- А ну, петухи! - сказал доктор, вставая между нами и толкая своим окровавленным животом моего оппонента. - У меня там четыре тяжелых, а они тут бои собрались устраивать, вам войны мало было?
- Кончай, Тихий, - сказал Вася с Диларама - когда он вытер свое лицо рукавом комбеза, я окончательно удостоверился в том, что это был он. - Ребята славно поохотились...
- Ладно, - сказал Тихий, отступая. - Но я тебя запомнил, Червонец, - и он, глядя на меня исподлобья, показал пальцем на номер моего вертолета.
Я ничего не ответил, на меня вдруг накатила апатия, хотелось забраться в кабину, сесть за пулемет, лететь домой и курить - и я подтолкнул доктора к двери: из блистера нам махал командир. Двое, не оглядываясь, пошли к БМП с волком.
Когда летели назад, я, сидя за пулеметом, хотел закурить, но оказалось, что пачка "Явы" в нагрудном кармане моего комбинезона промокла насквозь. Мокрой была куртка, мокрым был верх штанов, даже карманы, мокрыми были носки в лётных сандалиях. Я попросил сигарету у правого, и он достал пачку из своего портфеля. В кабину заглянул доктор, я бросил ему аптечку с промедолом. Потом мы с праваком закурили.
- В такие минуты всегда жалею, что некурящий, - сказал командир. - Выпить охота, да за рулем нельзя...
Я курил, и мне казалось, что где-то внутри все начинает болеть, словно там все удалили, а сейчас укол новокаина перестал действовать. Боль распирала, вызывала тошноту, ее не заглушали глубокие затяжки сигаретным дымом, и я понимал, что утолить эту странную боль сейчас я мог бы только нажав на гашетки своего пулемета. Стрелять, стрелять, лить одну длинную очередь, и боль будет стихать, боль пройдет. Но стрелять было некуда - мы уже садились в расположение фарахрудского отряда на дозаправку.
Кино
Холодало. Тихий поднял воротник куртки, дунул в "беломорину", прикурил, глубоко затянулся. На фоне заката папиросный дым был особенно густ и сед.
- Тридцать лет прошло, и три года, а память будто спиртом протерли - видно все до мелочей, - сказал он, глядя вдаль на голый весенний лес.

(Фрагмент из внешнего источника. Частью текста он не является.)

text \<open>
  For \<open>r \<le> \<ell>\<close> let \<open>A\<^sub>r\<close> be the set of minus spins in \<open>Q\<^sub>r(q)\<close>. Flipping \<open>A\<^sub>r\<close> to plus is an
  admissible competitor, so minimality bounds the interaction of \<open>A\<^sub>r\<close> with its complement by twice
  its interaction with the minus spins outside \<open>A\<^sub>r\<close>; these lie outside \<open>Q\<^sub>r(q)\<close>. The fractional
  isoperimetric inequality bounds the former from below by \<open>c |A\<^sub>r|\<^bsup>1-s/d\<^esup>\<close>, the decay of \<open>J\<close> bounds
  the latter by \<open>C \<Sum>\<^sub>i\<^sub>\<in>\<^sub>A\<^sub>r (r + 1 - |i - q|\<^sub>\<infinity>)\<^bsup>-s\<^esup>\<close>. Summing over \<open>r \<in> [R, 2R]\<close> yields the discrete
  differential inequality \<open>|A\<^sub>2\<^sub>R| \<ge> c R\<^sup>s |A\<^sub>R|\<^bsup>1-s/d\<^esup>\<close>, and since \<open>A\<^sub>1 \<noteq> \<emptyset>\<close> (the point \<open>q\<close> has a
  minus neighbour) dyadic iteration gives \<open>|A\<^sub>\<ell>| \<ge> c \<ell>\<^sup>d\<close>. The plus spins are handled by applying
  the same bound to the minimizer \<open>-u\<close>.
\<close>

section \<open>The norms on the lattice\<close>

lemma linfnorm_component_le: "\<bar>x $ k\<bar> \<le> linfnorm (x::int^'n)"
  unfolding linfnorm_def by (rule Max_ge) auto

lemma linfnorm_attained: "\<exists>k. linfnorm (x::int^'n) = \<bar>x $ k\<bar>"
proof -
  have "linfnorm x \<in> range (\<lambda>k. \<bar>x $ k\<bar>)"
    unfolding linfnorm_def by (rule Max_in) auto
  then show ?thesis by auto
qed

lemma linfnorm_le_iff: "linfnorm (x::int^'n) \<le> c \<longleftrightarrow> (\<forall>k. \<bar>x $ k\<bar> \<le> c)"
  using linfnorm_component_le linfnorm_attained by (metis order_trans)

lemma linfnorm_nonneg: "0 \<le> linfnorm (x::int^'n)"
  using linfnorm_component_le[of x] by (meson abs_ge_zero order_trans)

lemma linfnorm_triangle: "linfnorm ((x::int^'n) + y) \<le> linfnorm x + linfnorm y"
  unfolding linfnorm_le_iff
  by (metis abs_triangle_ineq add_mono linfnorm_component_le order_trans vector_add_component)

lemma linfnorm_minus_commute: "linfnorm ((x::int^'n) - y) = linfnorm (y - x)"
  unfolding linfnorm_def by (simp add: abs_minus_commute)

lemma l1norm_minus_commute: "l1norm ((x::int^'n) - y) = l1norm (y - x)"
  unfolding l1norm_def by (simp add: abs_minus_commute)
lemma stalled_thread_eventually_unscheduled:
  assumes txn_const: "\<forall>j\<ge>i. txn (\<sigma> j) t = txn (\<sigma> i) t"
    and "lpc (\<sigma> i) t \<noteq> Idle" "lpc (\<sigma> i) t \<noteq> Finished"
  shows "\<exists>j0\<ge>i. \<forall>j\<ge>j0. sch j \<noteq> Some t"
proof -
  have txn_step: "txn (\<sigma> (Suc j)) t = txn (\<sigma> j) t" if "i \<le> j" for j
    using txn_const that by (metis le_SucI)
  have decrease: "work_left prog (\<sigma> (Suc j)) t < work_left prog (\<sigma> j) t"
    if "i \<le> j" "sch j = Some t" for j
  proof -
    have "lpc (\<sigma> j) t \<noteq> Idle \<and> lpc (\<sigma> j) t \<noteq> Finished"
      using active_while_txn_constant[OF assms that(1)] .
    with txn_step[OF that(1)] show ?thesis
      by (blast intro: step_decreases_work_left[OF scheduled_step[OF that(2)] thread_inv_execution])
  qed
  have "work_left prog (\<sigma> (Suc j)) t \<le> work_left prog (\<sigma> j) t" if "i \<le> j" for j
  proof (cases "sch j = Some t")
    case True
    with decrease that show ?thesis by (simp add: less_imp_le)
  next
    case False
    then show ?thesis
      using unscheduled_thread_unchanged[OF False] by (simp add: work_left_def)
  qed
  then obtain j0 where j0: "j0 \<ge> i"
    and stable: "\<forall>j\<ge>j0. work_left prog (\<sigma> j) t = work_left prog (\<sigma> j0) t"
    using nonincreasing_eventually_constant[of i "\<lambda>j. work_left prog (\<sigma> j) t"] by blast
  have "sch j \<noteq> Some t" if "j \<ge> j0" for j
  proof
    assume "sch j = Some t"
    moreover have "i \<le> j" using j0 that by simp
    ultimately have "work_left prog (\<sigma> (Suc j)) t < work_left prog (\<sigma> j) t"
      by (rule decrease[rotated])
    moreover have "work_left prog (\<sigma> (Suc j)) t = work_left prog (\<sigma> j) t"
      using stable[rule_format, of j] stable[rule_format, of "Suc j"] that by simp
    ultimately show False by simp
  qed
  with j0 show ?thesis by blast
qed

lemma unscheduled_thread_frozen:
  assumes "\<forall>j\<ge>j0. sch j \<noteq> Some t" "j \<ge> j0"
  shows "lpc (\<sigma> j) t = lpc (\<sigma> j0) t \<and> txn (\<sigma> j) t = txn (\<sigma> j0) t"
  using assms(2)
proof (induction j rule: dec_induct)
  case (step j)
  with assms(1) have "sch j \<noteq> Some t" by simp
  with step.IH show ?case using unscheduled_thread_unchanged by simp
qed simp

lemma eventually_held_forever_by_one:
  assumes "\<forall>j\<ge>k. holder (\<sigma> j) l \<noteq> None"
  shows "\<exists>B. \<forall>j\<ge>k. holder (\<sigma> j) l = Some B"
proof -
  obtain B where B: "holder (\<sigma> k) l = Some B" using assms by blast
  have "holder (\<sigma> j) l = Some B" if "j \<ge> k" for j
    using that
  proof (induction j rule: dec_induct)
    case (step j)
    have "holder (\<sigma> j) l \<noteq> None" "holder (\<sigma> (Suc j)) l \<noteq> None"
      using assms step.hyps(1) by simp_all
    then have "holder (\<sigma> (Suc j)) l = holder (\<sigma> j) l"
      by (rule held_lock_keeps_holder)
    with step.IH show ?case by simp
  qed (rule B)
  then show ?thesis by blast
qed

lemma txn_stays_without_result:
  assumes "txn (\<sigma> i) t = n" "\<forall>j\<ge>i. result (\<sigma> j) (t, n) = None" "j \<ge> i"
  shows "txn (\<sigma> j) t = n"
  using assms(3)
proof (induction j rule: dec_induct)
  case (step j)
  with assms(2) txn_change_finishes(2)[of j t] show ?case by fastforce
qed (use assms(1) in simp)

end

- А что, ты тогда и в самом деле хотел мне в морду дать? - спросил я.
- Конечно хотел, - усмехнулся Тихий. - Как сказал Вася, успокаивая меня: "Кому же не хочется дать в эту наглую рыжую морду". Правда, бить я не собирался. Так, пугнуть решил, чтобы ты сыканул, отшатнулся. Но ты, видимо, был в прострации после боя, даже не моргнул...
Солнце уже село. Ветер усилился, гнал с севера темные тучи. Леденел в стаканах самогон, леденели пальцы.
- Пошли в дом, - сказал Тихий, поднимаясь. - Печку затопим, мясо будем жарить, интересное кино тебе покажу...
Мы вошли с балкона в большую мансарду, спустились по деревянной лестнице. Первый этаж был почти одним залом - его единство изящными вторжениями нарушала двухпролетная деревянная лестница на второй этаж, выступ печи, покрытый изразцовой плиткой, и по центру - несущая стена, но в виде двойной арки. Два дивана, мохнатый палас, несколько картин на стенах - присмотревшись, я узнал пейзажи, открывающиеся с утеса, - написанные весьма импрессионистически, я бы назвал их этюдами; обстановка была в духе минимализма, но ее аскетизм смягчал полумрак, подсвеченный печным пламенем, особенно, когда хозяин открывал дверцу, чтобы пошерудить кочергой, и волна смолистого жара растекалась по прохладе выстуженной с утра комнаты.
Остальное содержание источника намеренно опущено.